Obediently, Jason peeped through the magnifying lens at the stamp. It seemed to him a stamp like any other stamp, except that unlike modern stamps it had been printed in only one color.

“Look at the engraving on the animals,” Alys said. “The herd of steer. It’s absolutely perfect; every line is exact. This stamp has never been—” She stopped his hand as he started to touch the stamp. “Oh no,” she said. “Don’t ever touch a stamp with your fingers; always use tongs.”

“Is it valuable?” he asked.

“Not really. But they’re almost never sold. I’ll explain it to you someday. This is a present to me from Felix, because he loves me. Because, he says, I’m good in bed.”

“It’s a nice stamp,” Jason said, disconcerted. He handed the magnifying glass back to her.

“Felix told me the truth; it’s a good copy. Perfectly centered, light cancellation that doesn’t mar the center picture, and—” Deftly, with the tongs, she flipped the stamp over on its back, allowed it to lie on the felt pad face down. All at once her expression changed; her face glowed hotly and she said, “That motherfucker.”
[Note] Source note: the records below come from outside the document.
lemma length_graph_path_le:
  assumes "is_graph F" "graph_path F vs" "2 \<le> length vs"
  shows "length vs \<le> card (\<Union>F)"
proof -
  have "set vs \<subseteq> \<Union>F"
  proof
    fix z assume "z \<in> set vs"
    then obtain i where i: "i < length vs" "vs ! i = z" by (auto simp: in_set_conv_nth)
    show "z \<in> \<Union>F"
    proof (cases "Suc i < length vs")
      case True
      then show ?thesis using assms(2) i unfolding graph_path_def by blast
    next
      case False
      then have "Suc (i - 1) < length vs" "Suc (i - 1) = i" using assms(3) i by auto
      then have "{vs!(i-1), vs!i} \<in> F" using assms(2) unfolding graph_path_def by metis
      then show ?thesis using i by blast
    qed
  qed
  then show ?thesis
    using assms(2) card_mono[OF finite_vertices[OF assms(1)]] distinct_card
    unfolding graph_path_def by metis
qed

lemma forest_path_no_closing_edge:
  assumes "forest F" "graph_path F vs" "2 \<le> j" "j < length vs"
  shows "{vs!0, vs!j} \<notin> F"
proof
  assume closing: "{vs!0, vs!j} \<in> F"
  define ws where "ws = take (Suc j) vs"
  have len: "length ws = Suc j" using assms(4) ws_def by simp
  have "{ws ! i, ws ! ((i + 1) mod length ws)} \<in> F" if "i < length ws" for i
  proof (cases "i < j")
    case True
    then show ?thesis using assms(2,4) len unfolding ws_def graph_path_def by simp
  next
    case False
    then have "i = j" using that len by simp
    then show ?thesis using closing len unfolding ws_def by (simp add: insert_commute)
  qed
  moreover have "3 \<le> length ws" "distinct ws"
    using len assms(2,3) unfolding ws_def graph_path_def by simp_all
  ultimately show False using assms(1) unfolding forest_def by blast
qed

lemma forest_has_leaf:
  assumes "forest C" "C \<noteq> {}"
  obtains u v where "{u,v} \<in> C" "u \<noteq> v" "u \<notin> \<Union>(C - {{u,v}})"
proof -
  have C: "is_graph C" using assms(1) unfolding forest_def by simp
  obtain x y where "{x,y} \<in> C" "x \<noteq> y"
    using assms(2) C unfolding is_graph_def by (metis card_2_iff ex_in_conv)
  \<comment> \<open>The first vertex of a longest path is a leaf.\<close>
  then have "graph_path C [x,y]" by (auto simp: graph_path_def less_Suc_eq)
  then obtain vs where vs: "graph_path C vs \<and> 2 \<le> length vs"
    and longest: "\<And>ws. graph_path C ws \<and> 2 \<le> length ws \<Longrightarrow> length ws \<le> length vs"
    using ex_has_greatest_nat[of "\<lambda>vs. graph_path C vs \<and> 2 \<le> length vs" "[x,y]" length
        "Suc (card (\<Union>C))"] length_graph_path_le[OF C]
    by (metis le_imp_less_Suc length_Cons list.size(3) numeral_2_eq_2 order_refl)
  let ?u = "vs!0" and ?v = "vs!1"
  have edge: "{?u, ?v} \<in> C" "?u \<noteq> ?v"
    using vs unfolding graph_path_def by (simp_all add: nth_eq_iff_index_eq del: length_greater_0_conv)
  have unique: "w = ?v" if w: "{?u, w} \<in> C" for w
  proof (cases "w \<in> set vs")
    case False
    have "graph_path C (w # vs)" unfolding graph_path_def
    proof (intro conjI allI impI)
      show "distinct (w # vs)" using False vs by (simp add: graph_path_def)
      fix i assume "Suc i < length (w # vs)"
      then show "{(w # vs) ! i, (w # vs) ! Suc i} \<in> C"
        using vs w by (cases i) (auto simp: graph_path_def insert_commute)
    qed
    then show ?thesis using longest[of "w # vs"] vs by simp
  next
    case True
    then obtain j where j: "j < length vs" "vs ! j = w" by (auto simp: in_set_conv_nth)
    have "j \<noteq> 0"
    proof
      assume "j = 0"
      then have "{w} \<in> C" using w j by simp
      then show False using C unfolding is_graph_def by fastforce
    qed
    moreover have "\<not> 2 \<le> j" using forest_path_no_closing_edge[OF assms(1)] vs j w by blast
    ultimately have "j = 1" by linarith
    then show ?thesis using j by simp
  qed
  have "?u \<notin> \<Union>(C - {{?u, ?v}})"
  proof
    assume "?u \<in> \<Union>(C - {{?u, ?v}})"
    then obtain d where d: "d \<in> C" "d \<noteq> {?u, ?v}" "?u \<in> d" by blast
    obtain x y where "d = {x, y}" using C d(1) unfolding is_graph_def by (meson card_2_iff)
    then obtain w where "d = {?u, w}" using d(3) by (cases "?u = x") (auto simp: insert_commute)
    then show False using d unique[of w] by simp
  qed
  then show ?thesis using that edge by blast
qed
section \<open>The decomposition of V(2l) \<otimes> V(2k)\<close>

lemma kron_V_orthogonal_intertwiners:
  fixes l k :: nat
  assumes two: "(2::'a::field) = 0" and l: "odd l" and k: "odd k"
  defines "G1 \<equiv> kron (Vbasis l) (Vbasis k) * (same_half_embed l k :: 'a mat)"
    and "G2 \<equiv> kron (Vbasis l) (Vbasis k) * (kron (1\<^sub>m (2*l)) (Ind2 (Jblock k)) * (same_half_embed l k :: 'a mat))"
  shows "G1 \<in> carrier_mat (2*l*(2*k)) (2*(l*k))" "G2 \<in> carrier_mat (2*l*(2*k)) (2*(l*k))"
    and "kron (Vu (2*l)) (Vu (2*k)) * G1 = G1 * Ind2 (kron (Jblock l) (Jblock k))"
    and "kron (Vu (2*l)) (Vu (2*k)) * G2 = G2 * Ind2 (kron (Jblock l) (Jblock k))"
    and "\<And>a b. a \<in> carrier_vec (2*(l*k)) \<Longrightarrow> b \<in> carrier_vec (2*(l*k)) \<Longrightarrow>
        G1 *\<^sub>v a + G2 *\<^sub>v b = 0\<^sub>v (2*l*(2*k)) \<Longrightarrow> a = 0\<^sub>v (2*(l*k)) \<and> b = 0\<^sub>v (2*(l*k))"
    and "\<And>a b. a \<in> carrier_vec (2*(l*k)) \<Longrightarrow> b \<in> carrier_vec (2*(l*k)) \<Longrightarrow>
        bil (kron (Vform (2*l)) (Vform (2*k))) (G1 *\<^sub>v a) (G2 *\<^sub>v b) = 0"
proof -
  have k0: "0 < k" using k by (rule odd_pos)
  let ?N = "2*l*(2*k)" and ?n = "2*(l*k)"
  let ?T = "kron (Vbasis l) (Vbasis k) :: 'a mat"
  let ?E = "same_half_embed l k :: 'a mat" and ?K = "kron (1\<^sub>m (2*l)) (Ind2 (Jblock k)) :: 'a mat"
  have J: "(Jblock l :: 'a mat) \<in> carrier_mat l l" "(Jblock k :: 'a mat) \<in> carrier_mat k k"
    by (rule Jblock_carrier)+
  obtain Ti where Ti: "Ti \<in> carrier_mat ?N ?N" "Ti * ?T = 1\<^sub>m ?N"
    using kron_Vbasis_left_invertible by blast
  have carriers: "?T \<in> carrier_mat ?N ?N" "kron (Vu (2*l)) (Vu (2*k)) \<in> carrier_mat ?N ?N"
      "(kron (Ind2 (Jblock l)) (Ind2 (Jblock k)) :: 'a mat) \<in> carrier_mat ?N ?N"
      "kron (Vform (2*l)) (Vform (2*k)) \<in> carrier_mat ?N ?N" "?E \<in> carrier_mat ?N ?n" "?K * ?E \<in> carrier_mat ?N ?n"
      "(Ind2 (kron (Jblock l) (Jblock k)) :: 'a mat) \<in> carrier_mat ?n ?n"
    by (rule kron_carrier[OF Vbasis_carrier Vbasis_carrier] kron_carrier[OF Vu_carrier Vu_carrier]
        kron_carrier[OF Ind2_carrier[OF J(1)] Ind2_carrier[OF J(2)]] kron_carrier[OF Vform_carrier Vform_carrier]
        same_half_embed_carrier Ind2_carrier[OF kron_carrier[OF J]]
        mult_carrier_mat[OF kron_carrier[OF one_carrier_mat Ind2_carrier[OF J(2)]] same_half_embed_carrier])+
  have indep: "a = 0\<^sub>v ?n \<and> b = 0\<^sub>v ?n"
    if "a \<in> carrier_vec ?n" "b \<in> carrier_vec ?n" "?E *\<^sub>v a + (?K * ?E) *\<^sub>v b = 0\<^sub>v ?N" for a b
    by (rule same_half_embed_independent[OF J(2) k0 _ that]) (auto intro: Jblock_injective)
  have orth: "bil (transpose_mat ?T * (kron (Vform (2*l)) (Vform (2*k)) * ?T)) (?E *\<^sub>v a) ((?K * ?E) *\<^sub>v b) = 0"
    if "a \<in> carrier_vec ?n" "b \<in> carrier_vec ?n" for a b
    unfolding kron_congruence[OF Vform_carrier Vbasis_carrier Vform_carrier Vbasis_carrier] Vgram_def[symmetric]
    by (rule same_half_embed_orthogonal[OF J(2) k0 Vgram_carrier Vgram_carrier _ _ that])
      (auto intro: Vgram_diagonal_blocks[OF l two] Vgram_diagonal_blocks[OF k two])
  show "G1 \<in> carrier_mat ?N ?n" "G2 \<in> carrier_mat ?N ?n"
    unfolding G1_def G2_def using carriers by auto
  note transfer = intertwiner_pair_transfer[OF carriers(1) Ti(1,2) carriers(2,3) kron_Vu_Vbasis[OF two]
      carriers(4-7) kron_Ind2_same_half_embed[OF J k0] kron_Ind2_swapped_embed[OF J k0] indep orth]
  show "kron (Vu (2*l)) (Vu (2*k)) * G1 = G1 * Ind2 (kron (Jblock l) (Jblock k))"
    "kron (Vu (2*l)) (Vu (2*k)) * G2 = G2 * Ind2 (kron (Jblock l) (Jblock k))"
    "\<And>a b. a \<in> carrier_vec ?n \<Longrightarrow> b \<in> carrier_vec ?n \<Longrightarrow> G1 *\<^sub>v a + G2 *\<^sub>v b = 0\<^sub>v ?N \<Longrightarrow>
        a = 0\<^sub>v ?n \<and> b = 0\<^sub>v ?n"
    "\<And>a b. a \<in> carrier_vec ?n \<Longrightarrow> b \<in> carrier_vec ?n \<Longrightarrow>
        bil (kron (Vform (2*l)) (Vform (2*k))) (G1 *\<^sub>v a) (G2 *\<^sub>v b) = 0"
    using transfer[folded G2_def G1_def] by blast+
qed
“What’s the matter?” he said.

“A thin spot.” She touched a corner of the stamp’s back side with the tongs. “Well, you can’t tell from the front. But that’s Felix. Hell, it’s probably counterfeit anyhow. Except that Felix always somehow manages not to buy counterfeits. Okay, Felix; that’s one for you.” Thoughtfully, she said, “I wonder if he’s got another one in his own collection. I could switch them.” Going to a wall safe, she twiddled for a time with the dials, opened the safe at last, and brought out a huge and heavy album, which she lugged to the desk. “Felix,” she said, “does not know I know the combination to that safe. So don’t tell him.” She cautiously turned heavy-gauge pages, came to one on which four stamps rested. “No one-dollar black,” she said. “But he may have hidden it elsewhere. He may even have it down at the academy.” Closing the album, she restored it to the wall safe.

“The mescaline,” Jason said, “is beginning to affect me.” His legs ached: for him that was always a sign that mescaline was beginning to act in his system. “I’ll sit down,” he said, and managed to locate a leather-covered easy chair before his legs gave way. Or seemed to give way; actually they never did: it was a drug-instigated illusion. But all the same it felt real.

“Would you like to see a collection of chaste and ornate snuff boxes?” Alys inquired. “Felix has a terribly fine collection. All antiques, in gold, silver, alloys, with cameo engravings, hunting scenes—no?” She seated herself opposite him, crossed her long, black-sheathed legs; her high-heeled shoe dangled as she swung it back and forth. “One time Felix bought an old snuff box at an auction, paid a lot for it, brought it home. He cleaned the old snuff out of it and found a spring-operated lever mounted at the bottom of the box, or what seemed to be the bottom. The lever operated when you screwed down a tiny screw. It took him all day to find a tool small enough to rotate the screw. But at least he got it.” She laughed.

“What happened?” Jason said.

“The bottom of the box—a false bottom with a tin plate concealed in it. He got the plate out.” She laughed again, her gold tooth ornamentation sparkling. “It turned out to be a two-hundred-year-old dirty picture. Of a chick copulating with a Shetland pony. Tinted, too, in eight colors. Worth, oh, say, five thousand dollars—not much, but it genuinely delighted us. The dealer, of course, didn’t know it was there.”